> **Instructions for the task**:
Only the lines that hold "most" should be in the answer, each copied from the data below.

══ Material shown ══

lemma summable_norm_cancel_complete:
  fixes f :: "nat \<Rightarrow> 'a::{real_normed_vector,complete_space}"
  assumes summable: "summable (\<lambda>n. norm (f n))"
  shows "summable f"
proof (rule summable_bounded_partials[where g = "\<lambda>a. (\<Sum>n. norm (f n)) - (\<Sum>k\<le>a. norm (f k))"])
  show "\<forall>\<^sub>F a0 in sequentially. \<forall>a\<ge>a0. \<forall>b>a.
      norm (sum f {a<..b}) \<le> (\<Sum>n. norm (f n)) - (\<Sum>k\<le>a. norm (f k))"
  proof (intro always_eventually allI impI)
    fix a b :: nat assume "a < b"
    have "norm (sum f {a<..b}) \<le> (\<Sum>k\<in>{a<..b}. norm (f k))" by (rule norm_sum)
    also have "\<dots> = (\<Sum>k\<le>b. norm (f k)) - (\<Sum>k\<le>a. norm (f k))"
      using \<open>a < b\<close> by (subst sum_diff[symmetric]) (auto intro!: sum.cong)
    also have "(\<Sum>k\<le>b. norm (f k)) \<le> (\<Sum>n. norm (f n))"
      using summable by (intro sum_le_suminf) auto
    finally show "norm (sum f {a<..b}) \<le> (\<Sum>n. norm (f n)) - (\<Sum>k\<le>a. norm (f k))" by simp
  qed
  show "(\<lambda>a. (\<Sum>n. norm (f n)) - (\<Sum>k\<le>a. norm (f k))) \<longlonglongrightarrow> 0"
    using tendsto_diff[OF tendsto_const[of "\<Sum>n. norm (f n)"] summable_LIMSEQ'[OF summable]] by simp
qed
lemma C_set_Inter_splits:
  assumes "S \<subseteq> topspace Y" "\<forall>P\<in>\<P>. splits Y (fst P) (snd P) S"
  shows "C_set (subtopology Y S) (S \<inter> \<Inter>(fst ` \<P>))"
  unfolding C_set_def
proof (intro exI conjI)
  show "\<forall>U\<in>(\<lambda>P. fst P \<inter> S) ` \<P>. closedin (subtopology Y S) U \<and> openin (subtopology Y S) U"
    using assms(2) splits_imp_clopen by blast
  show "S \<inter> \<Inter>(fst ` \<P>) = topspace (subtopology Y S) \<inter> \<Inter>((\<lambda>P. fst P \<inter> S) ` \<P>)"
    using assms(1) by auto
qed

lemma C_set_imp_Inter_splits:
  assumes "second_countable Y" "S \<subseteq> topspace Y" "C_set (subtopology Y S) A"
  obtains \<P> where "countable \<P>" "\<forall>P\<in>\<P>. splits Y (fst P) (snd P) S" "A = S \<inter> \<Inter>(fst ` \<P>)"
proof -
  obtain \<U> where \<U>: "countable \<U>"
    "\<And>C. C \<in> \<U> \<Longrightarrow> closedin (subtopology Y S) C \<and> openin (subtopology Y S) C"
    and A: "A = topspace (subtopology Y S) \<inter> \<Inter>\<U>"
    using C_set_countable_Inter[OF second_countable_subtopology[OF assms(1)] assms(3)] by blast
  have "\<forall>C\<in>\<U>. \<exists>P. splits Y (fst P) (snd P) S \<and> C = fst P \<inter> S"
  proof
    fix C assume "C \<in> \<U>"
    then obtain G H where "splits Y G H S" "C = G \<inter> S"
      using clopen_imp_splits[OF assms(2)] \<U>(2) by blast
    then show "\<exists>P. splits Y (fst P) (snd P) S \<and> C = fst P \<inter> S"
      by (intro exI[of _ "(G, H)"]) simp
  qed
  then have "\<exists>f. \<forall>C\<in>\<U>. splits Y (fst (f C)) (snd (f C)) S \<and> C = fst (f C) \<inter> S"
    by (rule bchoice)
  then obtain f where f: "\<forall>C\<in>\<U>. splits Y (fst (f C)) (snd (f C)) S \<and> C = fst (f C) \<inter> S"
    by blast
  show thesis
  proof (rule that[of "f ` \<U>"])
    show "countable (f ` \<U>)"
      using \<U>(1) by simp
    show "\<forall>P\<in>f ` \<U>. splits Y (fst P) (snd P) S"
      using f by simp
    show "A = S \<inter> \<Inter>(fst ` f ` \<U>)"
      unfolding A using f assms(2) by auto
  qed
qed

═══
══ Material shown ══

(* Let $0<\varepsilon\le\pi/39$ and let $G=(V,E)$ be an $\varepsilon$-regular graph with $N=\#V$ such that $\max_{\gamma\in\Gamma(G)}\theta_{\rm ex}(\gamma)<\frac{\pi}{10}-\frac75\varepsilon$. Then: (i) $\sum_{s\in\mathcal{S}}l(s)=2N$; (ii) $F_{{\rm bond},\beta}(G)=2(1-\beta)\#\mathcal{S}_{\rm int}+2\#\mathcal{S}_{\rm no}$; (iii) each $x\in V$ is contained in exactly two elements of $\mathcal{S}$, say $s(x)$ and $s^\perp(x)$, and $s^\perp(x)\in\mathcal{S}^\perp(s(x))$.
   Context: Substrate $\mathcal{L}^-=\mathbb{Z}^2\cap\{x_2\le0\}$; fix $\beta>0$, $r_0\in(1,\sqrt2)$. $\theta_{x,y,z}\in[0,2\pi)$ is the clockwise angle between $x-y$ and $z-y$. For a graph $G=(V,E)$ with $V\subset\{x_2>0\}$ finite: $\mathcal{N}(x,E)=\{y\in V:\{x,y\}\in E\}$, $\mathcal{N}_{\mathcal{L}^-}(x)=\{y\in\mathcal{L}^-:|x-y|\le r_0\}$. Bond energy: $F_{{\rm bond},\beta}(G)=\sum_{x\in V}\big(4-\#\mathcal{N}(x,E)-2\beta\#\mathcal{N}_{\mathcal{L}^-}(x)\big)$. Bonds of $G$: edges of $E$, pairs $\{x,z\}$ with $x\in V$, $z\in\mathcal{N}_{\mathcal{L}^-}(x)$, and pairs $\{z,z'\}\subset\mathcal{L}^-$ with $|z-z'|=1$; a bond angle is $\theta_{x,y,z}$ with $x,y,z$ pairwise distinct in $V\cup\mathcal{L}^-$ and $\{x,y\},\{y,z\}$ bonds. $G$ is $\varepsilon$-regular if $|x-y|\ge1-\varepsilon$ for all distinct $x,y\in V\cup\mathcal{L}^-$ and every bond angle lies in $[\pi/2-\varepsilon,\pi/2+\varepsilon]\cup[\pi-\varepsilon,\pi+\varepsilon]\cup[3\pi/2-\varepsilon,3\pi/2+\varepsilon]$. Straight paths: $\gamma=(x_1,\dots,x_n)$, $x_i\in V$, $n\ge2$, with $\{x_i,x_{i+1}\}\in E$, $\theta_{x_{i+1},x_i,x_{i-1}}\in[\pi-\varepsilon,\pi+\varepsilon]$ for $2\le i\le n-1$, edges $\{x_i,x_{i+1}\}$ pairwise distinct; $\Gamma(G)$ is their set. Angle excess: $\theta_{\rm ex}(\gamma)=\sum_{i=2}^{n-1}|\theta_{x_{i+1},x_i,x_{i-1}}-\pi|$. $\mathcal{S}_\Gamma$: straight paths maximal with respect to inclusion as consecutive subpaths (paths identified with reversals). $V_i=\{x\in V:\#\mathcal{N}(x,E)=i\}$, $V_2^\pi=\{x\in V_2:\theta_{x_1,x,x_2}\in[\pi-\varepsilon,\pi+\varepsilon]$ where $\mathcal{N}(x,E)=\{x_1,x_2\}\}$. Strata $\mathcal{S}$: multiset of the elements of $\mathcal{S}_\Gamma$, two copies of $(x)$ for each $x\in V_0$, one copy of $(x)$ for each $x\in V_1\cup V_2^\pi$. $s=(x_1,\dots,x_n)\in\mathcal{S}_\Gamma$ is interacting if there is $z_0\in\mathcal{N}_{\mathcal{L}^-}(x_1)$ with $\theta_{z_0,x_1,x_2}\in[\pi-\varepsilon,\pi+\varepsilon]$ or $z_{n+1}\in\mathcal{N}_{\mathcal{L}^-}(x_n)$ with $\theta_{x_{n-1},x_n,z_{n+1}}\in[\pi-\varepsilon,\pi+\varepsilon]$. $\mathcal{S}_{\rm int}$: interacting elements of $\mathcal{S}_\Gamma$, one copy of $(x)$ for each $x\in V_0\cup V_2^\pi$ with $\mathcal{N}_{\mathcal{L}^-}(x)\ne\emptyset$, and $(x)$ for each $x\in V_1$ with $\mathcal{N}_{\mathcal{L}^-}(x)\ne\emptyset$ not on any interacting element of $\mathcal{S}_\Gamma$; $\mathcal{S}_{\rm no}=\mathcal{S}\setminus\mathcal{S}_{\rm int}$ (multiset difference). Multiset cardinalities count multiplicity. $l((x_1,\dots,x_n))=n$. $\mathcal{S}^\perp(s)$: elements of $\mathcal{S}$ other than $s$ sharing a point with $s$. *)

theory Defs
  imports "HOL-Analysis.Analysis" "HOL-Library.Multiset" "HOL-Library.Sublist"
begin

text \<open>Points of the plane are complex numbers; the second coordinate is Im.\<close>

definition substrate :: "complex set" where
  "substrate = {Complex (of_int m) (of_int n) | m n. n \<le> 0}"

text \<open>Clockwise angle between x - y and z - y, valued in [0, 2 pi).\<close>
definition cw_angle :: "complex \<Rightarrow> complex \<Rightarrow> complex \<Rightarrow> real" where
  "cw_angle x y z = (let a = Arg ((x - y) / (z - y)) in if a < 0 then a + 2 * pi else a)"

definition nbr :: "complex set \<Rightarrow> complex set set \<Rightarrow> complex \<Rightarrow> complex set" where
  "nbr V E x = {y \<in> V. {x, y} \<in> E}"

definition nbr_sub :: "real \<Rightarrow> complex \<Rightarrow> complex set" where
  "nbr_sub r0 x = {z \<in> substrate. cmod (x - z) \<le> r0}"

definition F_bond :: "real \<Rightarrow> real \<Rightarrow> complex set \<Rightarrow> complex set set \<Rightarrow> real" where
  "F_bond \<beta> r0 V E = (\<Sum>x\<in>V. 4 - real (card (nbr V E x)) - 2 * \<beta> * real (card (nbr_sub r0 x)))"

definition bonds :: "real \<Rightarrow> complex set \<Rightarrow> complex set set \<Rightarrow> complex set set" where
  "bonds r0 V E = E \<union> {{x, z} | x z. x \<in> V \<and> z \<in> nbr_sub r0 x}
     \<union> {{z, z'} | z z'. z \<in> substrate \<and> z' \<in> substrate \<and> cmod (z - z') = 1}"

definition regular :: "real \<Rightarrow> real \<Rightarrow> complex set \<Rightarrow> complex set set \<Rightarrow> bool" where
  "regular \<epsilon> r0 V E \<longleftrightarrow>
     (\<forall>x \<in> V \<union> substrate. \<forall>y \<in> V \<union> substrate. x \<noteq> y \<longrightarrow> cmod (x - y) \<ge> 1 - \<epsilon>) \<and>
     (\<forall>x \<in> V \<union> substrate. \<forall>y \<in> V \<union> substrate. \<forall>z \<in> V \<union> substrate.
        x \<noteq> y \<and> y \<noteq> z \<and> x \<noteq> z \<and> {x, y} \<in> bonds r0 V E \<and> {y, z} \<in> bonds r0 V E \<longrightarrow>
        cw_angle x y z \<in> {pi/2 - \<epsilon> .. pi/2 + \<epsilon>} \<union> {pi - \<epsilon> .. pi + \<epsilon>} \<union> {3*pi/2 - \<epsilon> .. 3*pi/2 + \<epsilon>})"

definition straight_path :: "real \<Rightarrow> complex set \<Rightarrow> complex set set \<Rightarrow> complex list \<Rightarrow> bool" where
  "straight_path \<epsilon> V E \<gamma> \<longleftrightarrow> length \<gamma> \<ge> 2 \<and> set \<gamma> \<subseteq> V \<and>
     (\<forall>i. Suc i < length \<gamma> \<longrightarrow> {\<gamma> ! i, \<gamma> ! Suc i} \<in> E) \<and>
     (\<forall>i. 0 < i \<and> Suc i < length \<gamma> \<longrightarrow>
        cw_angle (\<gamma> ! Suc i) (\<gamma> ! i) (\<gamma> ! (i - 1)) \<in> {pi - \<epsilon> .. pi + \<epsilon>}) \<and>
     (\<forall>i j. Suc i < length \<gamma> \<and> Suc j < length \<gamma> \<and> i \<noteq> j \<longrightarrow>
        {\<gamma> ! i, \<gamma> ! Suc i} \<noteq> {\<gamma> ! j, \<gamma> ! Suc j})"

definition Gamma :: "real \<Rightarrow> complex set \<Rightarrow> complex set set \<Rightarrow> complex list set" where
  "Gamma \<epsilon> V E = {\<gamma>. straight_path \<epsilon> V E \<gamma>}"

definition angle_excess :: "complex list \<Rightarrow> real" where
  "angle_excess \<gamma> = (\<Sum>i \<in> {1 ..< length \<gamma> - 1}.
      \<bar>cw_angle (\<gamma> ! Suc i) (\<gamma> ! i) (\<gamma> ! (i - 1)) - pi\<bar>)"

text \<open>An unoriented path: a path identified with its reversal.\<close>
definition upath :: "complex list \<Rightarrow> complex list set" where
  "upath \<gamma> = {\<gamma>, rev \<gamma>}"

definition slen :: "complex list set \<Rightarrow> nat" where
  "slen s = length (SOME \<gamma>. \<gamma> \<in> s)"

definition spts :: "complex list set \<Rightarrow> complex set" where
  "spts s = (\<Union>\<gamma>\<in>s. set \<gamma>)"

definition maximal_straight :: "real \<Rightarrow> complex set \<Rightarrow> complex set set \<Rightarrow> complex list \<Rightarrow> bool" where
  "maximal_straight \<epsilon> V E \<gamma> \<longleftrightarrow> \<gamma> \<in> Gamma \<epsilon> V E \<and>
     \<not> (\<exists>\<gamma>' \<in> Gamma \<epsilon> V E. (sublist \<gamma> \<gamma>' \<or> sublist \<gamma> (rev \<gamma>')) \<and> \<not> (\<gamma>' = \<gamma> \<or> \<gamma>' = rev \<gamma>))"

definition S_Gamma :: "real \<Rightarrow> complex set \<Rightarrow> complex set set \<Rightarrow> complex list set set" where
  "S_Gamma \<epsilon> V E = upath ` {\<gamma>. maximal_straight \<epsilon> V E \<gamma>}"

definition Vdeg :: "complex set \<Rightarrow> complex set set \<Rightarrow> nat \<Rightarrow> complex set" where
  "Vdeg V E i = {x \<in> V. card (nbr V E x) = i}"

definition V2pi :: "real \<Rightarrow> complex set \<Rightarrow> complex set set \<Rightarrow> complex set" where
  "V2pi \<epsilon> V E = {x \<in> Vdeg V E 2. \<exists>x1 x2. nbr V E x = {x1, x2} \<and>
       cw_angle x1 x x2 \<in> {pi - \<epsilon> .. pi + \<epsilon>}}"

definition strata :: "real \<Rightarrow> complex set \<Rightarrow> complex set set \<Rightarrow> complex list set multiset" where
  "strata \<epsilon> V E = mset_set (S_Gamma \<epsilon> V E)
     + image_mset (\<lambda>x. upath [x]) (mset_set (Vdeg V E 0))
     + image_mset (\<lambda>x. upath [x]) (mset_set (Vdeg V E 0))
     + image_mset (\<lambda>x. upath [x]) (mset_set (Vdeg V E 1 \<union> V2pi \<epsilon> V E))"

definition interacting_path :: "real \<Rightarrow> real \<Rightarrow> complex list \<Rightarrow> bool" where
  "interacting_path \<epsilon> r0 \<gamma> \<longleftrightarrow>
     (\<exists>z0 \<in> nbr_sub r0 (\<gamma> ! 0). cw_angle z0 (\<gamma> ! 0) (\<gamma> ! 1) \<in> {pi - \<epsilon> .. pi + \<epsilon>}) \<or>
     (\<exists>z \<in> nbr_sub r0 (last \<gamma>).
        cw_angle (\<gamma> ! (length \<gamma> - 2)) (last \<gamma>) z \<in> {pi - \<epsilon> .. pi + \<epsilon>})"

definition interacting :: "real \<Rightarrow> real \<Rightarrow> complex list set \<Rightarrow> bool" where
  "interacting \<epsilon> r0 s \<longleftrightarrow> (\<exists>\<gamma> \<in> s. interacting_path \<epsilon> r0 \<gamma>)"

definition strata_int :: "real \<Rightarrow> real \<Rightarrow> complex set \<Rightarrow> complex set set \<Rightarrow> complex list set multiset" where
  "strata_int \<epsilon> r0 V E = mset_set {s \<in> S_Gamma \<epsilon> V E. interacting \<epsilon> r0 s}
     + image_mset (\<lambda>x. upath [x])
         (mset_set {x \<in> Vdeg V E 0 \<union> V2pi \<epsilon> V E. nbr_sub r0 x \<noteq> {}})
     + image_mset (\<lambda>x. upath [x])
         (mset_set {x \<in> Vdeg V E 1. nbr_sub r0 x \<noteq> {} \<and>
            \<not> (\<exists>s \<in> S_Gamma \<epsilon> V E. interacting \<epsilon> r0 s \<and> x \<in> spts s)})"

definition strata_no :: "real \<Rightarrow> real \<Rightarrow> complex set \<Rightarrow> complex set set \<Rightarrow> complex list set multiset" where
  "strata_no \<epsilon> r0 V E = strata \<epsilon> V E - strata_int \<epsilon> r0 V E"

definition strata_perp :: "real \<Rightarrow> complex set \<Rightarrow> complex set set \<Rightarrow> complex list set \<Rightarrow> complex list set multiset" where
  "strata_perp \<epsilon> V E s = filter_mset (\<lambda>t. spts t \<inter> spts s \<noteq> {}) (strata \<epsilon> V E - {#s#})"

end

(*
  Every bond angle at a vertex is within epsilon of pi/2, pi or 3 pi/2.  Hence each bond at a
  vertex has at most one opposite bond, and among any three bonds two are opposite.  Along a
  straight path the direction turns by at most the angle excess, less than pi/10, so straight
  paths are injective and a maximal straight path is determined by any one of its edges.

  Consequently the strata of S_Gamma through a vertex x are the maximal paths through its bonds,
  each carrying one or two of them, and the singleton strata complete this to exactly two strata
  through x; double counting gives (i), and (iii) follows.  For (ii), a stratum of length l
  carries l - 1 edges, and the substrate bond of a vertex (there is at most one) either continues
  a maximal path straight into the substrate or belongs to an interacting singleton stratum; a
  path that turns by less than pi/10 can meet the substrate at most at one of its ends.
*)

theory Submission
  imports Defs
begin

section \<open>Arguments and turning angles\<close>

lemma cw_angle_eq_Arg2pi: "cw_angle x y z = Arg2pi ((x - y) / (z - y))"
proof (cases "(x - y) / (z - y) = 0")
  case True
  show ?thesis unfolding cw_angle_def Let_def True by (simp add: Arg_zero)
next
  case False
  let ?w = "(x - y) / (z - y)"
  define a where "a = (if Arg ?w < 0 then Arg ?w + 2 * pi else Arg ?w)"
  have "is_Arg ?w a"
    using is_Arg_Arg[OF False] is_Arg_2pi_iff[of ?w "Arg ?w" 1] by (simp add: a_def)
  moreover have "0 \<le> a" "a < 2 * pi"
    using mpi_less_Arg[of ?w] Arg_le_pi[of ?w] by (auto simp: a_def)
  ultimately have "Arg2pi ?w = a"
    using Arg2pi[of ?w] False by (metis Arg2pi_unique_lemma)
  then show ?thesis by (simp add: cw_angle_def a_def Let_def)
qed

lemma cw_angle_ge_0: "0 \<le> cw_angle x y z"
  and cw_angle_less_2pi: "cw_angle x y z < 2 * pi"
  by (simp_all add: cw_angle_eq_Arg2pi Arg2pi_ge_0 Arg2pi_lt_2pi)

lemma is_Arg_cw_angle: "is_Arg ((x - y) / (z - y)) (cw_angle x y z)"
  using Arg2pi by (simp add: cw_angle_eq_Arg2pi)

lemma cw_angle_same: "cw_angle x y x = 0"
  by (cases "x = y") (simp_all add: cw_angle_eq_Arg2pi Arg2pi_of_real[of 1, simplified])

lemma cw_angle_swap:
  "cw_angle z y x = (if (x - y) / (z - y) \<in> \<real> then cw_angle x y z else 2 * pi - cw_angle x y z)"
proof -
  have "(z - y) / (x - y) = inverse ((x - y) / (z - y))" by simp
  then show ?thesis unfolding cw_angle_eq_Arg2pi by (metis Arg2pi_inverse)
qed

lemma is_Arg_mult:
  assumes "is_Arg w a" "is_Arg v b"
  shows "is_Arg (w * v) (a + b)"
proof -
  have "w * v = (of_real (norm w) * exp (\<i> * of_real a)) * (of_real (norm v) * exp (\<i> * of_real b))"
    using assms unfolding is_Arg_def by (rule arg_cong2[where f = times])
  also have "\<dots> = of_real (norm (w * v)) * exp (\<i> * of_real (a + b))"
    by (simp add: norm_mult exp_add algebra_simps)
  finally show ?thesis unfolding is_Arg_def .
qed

═══
══ Material shown ══

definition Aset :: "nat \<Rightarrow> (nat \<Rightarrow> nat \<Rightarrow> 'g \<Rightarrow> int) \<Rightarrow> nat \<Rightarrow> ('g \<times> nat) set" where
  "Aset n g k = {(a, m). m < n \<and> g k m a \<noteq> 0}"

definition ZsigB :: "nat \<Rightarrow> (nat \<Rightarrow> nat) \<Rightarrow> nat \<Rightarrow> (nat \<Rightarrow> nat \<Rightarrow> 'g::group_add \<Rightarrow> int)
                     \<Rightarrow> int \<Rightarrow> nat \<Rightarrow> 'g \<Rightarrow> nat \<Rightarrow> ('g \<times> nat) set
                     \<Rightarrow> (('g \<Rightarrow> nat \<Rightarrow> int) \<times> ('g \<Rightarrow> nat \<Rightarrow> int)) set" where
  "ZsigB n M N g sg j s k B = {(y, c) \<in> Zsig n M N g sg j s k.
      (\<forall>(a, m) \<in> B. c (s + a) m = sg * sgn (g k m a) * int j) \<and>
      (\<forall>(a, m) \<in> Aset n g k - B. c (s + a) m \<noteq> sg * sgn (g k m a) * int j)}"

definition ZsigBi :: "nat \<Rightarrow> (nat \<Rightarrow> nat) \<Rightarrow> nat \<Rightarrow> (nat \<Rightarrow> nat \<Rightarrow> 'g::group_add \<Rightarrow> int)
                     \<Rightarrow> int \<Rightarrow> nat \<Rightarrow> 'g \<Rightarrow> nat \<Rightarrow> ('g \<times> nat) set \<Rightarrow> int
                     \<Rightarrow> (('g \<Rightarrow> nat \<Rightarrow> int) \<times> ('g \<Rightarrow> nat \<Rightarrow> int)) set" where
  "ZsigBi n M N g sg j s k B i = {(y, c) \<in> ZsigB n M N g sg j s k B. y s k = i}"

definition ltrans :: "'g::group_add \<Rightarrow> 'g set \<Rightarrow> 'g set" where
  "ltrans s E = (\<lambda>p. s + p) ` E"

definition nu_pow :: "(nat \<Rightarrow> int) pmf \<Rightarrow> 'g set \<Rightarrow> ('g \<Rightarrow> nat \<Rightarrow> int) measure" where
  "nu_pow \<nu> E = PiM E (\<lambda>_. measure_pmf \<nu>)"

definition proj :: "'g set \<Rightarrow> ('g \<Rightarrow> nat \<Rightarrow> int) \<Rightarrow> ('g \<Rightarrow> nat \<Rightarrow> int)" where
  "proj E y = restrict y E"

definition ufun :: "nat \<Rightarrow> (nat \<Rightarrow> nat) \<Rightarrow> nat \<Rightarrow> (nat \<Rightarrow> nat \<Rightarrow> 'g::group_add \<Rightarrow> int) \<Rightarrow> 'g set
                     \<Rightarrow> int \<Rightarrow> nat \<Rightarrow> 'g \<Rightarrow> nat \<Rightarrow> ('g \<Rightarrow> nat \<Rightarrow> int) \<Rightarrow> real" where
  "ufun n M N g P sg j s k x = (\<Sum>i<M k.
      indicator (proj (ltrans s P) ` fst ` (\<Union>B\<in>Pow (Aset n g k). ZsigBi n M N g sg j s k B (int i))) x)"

═══

> **Output of the exercise**:
  vertex has at most one opposite bond, and among any three bonds two are opposite.  Along a
  straight path the direction turns by at most the angle excess, less than pi/10, so straight
  carries l - 1 edges, and the substrate bond of a vertex (there is at most one) either continues
  path that turns by less than pi/10 can meet the substrate at most at one of its ends.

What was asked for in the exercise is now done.